(* For all positive integers $\ell$ and $n$, $\mathrm{IR}(K_{1,\ell}, K_{1,n}) = n+\ell$.
   Context: All graphs are finite and simple. $K_{1,m}$ denotes the star with $m$ edges. For graphs $F$, $H$, $G$, write $F \overset{\text{ind}}{\longrightarrow} (H,G)$ if for every coloring of the edges of $F$ with red and blue there is either a red induced copy of $H$ (a vertex set $S\subseteq V(F)$ with $F[S]\cong H$ and all edges of $F[S]$ red) or a blue induced copy of $G$ (defined analogously with blue). The induced Ramsey number $\mathrm{IR}(H,G)$ is the smallest number of vertices of a graph $F$ with $F \overset{\text{ind}}{\longrightarrow} (H,G)$. *)

theory Defs
  imports Main
begin

definition simple_graph :: "'a set \<Rightarrow> 'a set set \<Rightarrow> bool" where
  "simple_graph V E \<longleftrightarrow> finite V \<and> (\<forall>e\<in>E. e \<subseteq> V \<and> card e = 2)"

definition graph_iso :: "'a set \<Rightarrow> 'a set set \<Rightarrow> 'b set \<Rightarrow> 'b set set \<Rightarrow> bool" where
  "graph_iso V1 E1 V2 E2 \<longleftrightarrow>
     (\<exists>f. bij_betw f V1 V2 \<and> (\<forall>x\<in>V1. \<forall>y\<in>V1. ({x, y} \<in> E1 \<longleftrightarrow> {f x, f y} \<in> E2)))"

definition induced_edges :: "'a set set \<Rightarrow> 'a set \<Rightarrow> 'a set set" where
  "induced_edges E S = {e \<in> E. e \<subseteq> S}"

definition star_V :: "nat \<Rightarrow> nat set" where
  "star_V m = {0..m}"

definition star_E :: "nat \<Rightarrow> nat set set" where
  "star_E m = {{0, i} | i. i \<in> {1..m}}"

text \<open>A monochromatic induced copy of (VH,EH) in colour col (True = red, False = blue)
  under the colouring c of the edges of F = (V,E).\<close>

definition mono_induced_copy ::
  "'a set \<Rightarrow> 'a set set \<Rightarrow> ('a set \<Rightarrow> bool) \<Rightarrow> bool \<Rightarrow> 'b set \<Rightarrow> 'b set set \<Rightarrow> bool" where
  "mono_induced_copy V E c col VH EH \<longleftrightarrow>
     (\<exists>S. S \<subseteq> V \<and> graph_iso S (induced_edges E S) VH EH \<and>
          (\<forall>e\<in>induced_edges E S. c e = col))"

definition ind_arrows ::
  "'a set \<Rightarrow> 'a set set \<Rightarrow> 'b set \<Rightarrow> 'b set set \<Rightarrow> 'c set \<Rightarrow> 'c set set \<Rightarrow> bool" where
  "ind_arrows V E VH EH VG EG \<longleftrightarrow>
     (\<forall>c :: 'a set \<Rightarrow> bool.
        mono_induced_copy V E c True VH EH \<or> mono_induced_copy V E c False VG EG)"

text \<open>Every finite graph is isomorphic to one on vertex set {0..<N},
  so it suffices to range over such graphs.\<close>

definition IR :: "'b set \<Rightarrow> 'b set set \<Rightarrow> 'c set \<Rightarrow> 'c set set \<Rightarrow> nat" where
  "IR VH EH VG EG = (LEAST N. \<exists>E :: nat set set.
      simple_graph {0..<N} E \<and> ind_arrows {0..<N} E VH EH VG EG)"

end

theory Submission
  imports Defs
begin

text \<open>
  Upper bound: in the star K_{1,m} with m = l + n - 1 every set of leaves spans an induced
  star with the centre, and by pigeonhole at least l spokes are red or at least n are blue.

  Lower bound, by induction on |V| < l + n, assuming l <= n by the symmetry of the colours:
  pick v in a maximum independent set I. The leaves of an induced star centred at v form an
  independent set disjoint from I, so there are at most |V|/2 < n of them. Colour V - v
  inductively without a red K_{1,l} and without a blue K_{1,n-1}, and all edges at v blue.
  Then a red star avoids v, and a blue K_{1,n} is not centred at v, so deleting v from it
  leaves a blue K_{1,n-1} in V - v.
\<close>

definition independent :: "'a set set \<Rightarrow> 'a set \<Rightarrow> bool" where
  "independent E I \<longleftrightarrow> (\<forall>x\<in>I. \<forall>y\<in>I. x \<noteq> y \<longrightarrow> {x, y} \<notin> E)"

definition induced_star :: "'a set \<Rightarrow> 'a set set \<Rightarrow> 'a \<Rightarrow> 'a set \<Rightarrow> bool" where
  "induced_star V E u L \<longleftrightarrow>
     u \<in> V \<and> L \<subseteq> V - {u} \<and> (\<forall>x\<in>L. {u, x} \<in> E) \<and> independent E L"

text \<open>Asking for at least \<open>m\<close> leaves is equivalent to exactly \<open>m\<close> (see
  \<open>induced_star_subset\<close>) and survives the deletion of a leaf.\<close>

definition has_mono_star ::
  "'a set \<Rightarrow> 'a set set \<Rightarrow> ('a set \<Rightarrow> bool) \<Rightarrow> bool \<Rightarrow> nat \<Rightarrow> bool" where
  "has_mono_star V E c col m \<longleftrightarrow>
     (\<exists>u L. induced_star V E u L \<and> m \<le> card L \<and> (\<forall>x\<in>L. c {u, x} = col))"

lemma induced_star_subset:
  "induced_star V E u L \<Longrightarrow> L' \<subseteq> L \<Longrightarrow> induced_star V E u L'"
  unfolding induced_star_def independent_def by blast

lemma induced_star_Diff_vertex:
  "induced_star V E u L \<Longrightarrow> u \<noteq> v \<Longrightarrow> induced_star (V - {v}) E u (L - {v})"
  unfolding induced_star_def independent_def by blast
= = = = = = =
Filter the listing above so that only lines holding the word "card" remain, and report those lines.

  "simple_graph V E \<longleftrightarrow> finite V \<and> (\<forall>e\<in>E. e \<subseteq> V \<and> card e = 2)"
     (\<exists>u L. induced_star V E u L \<and> m \<le> card L \<and> (\<forall>x\<in>L. c {u, x} = col))"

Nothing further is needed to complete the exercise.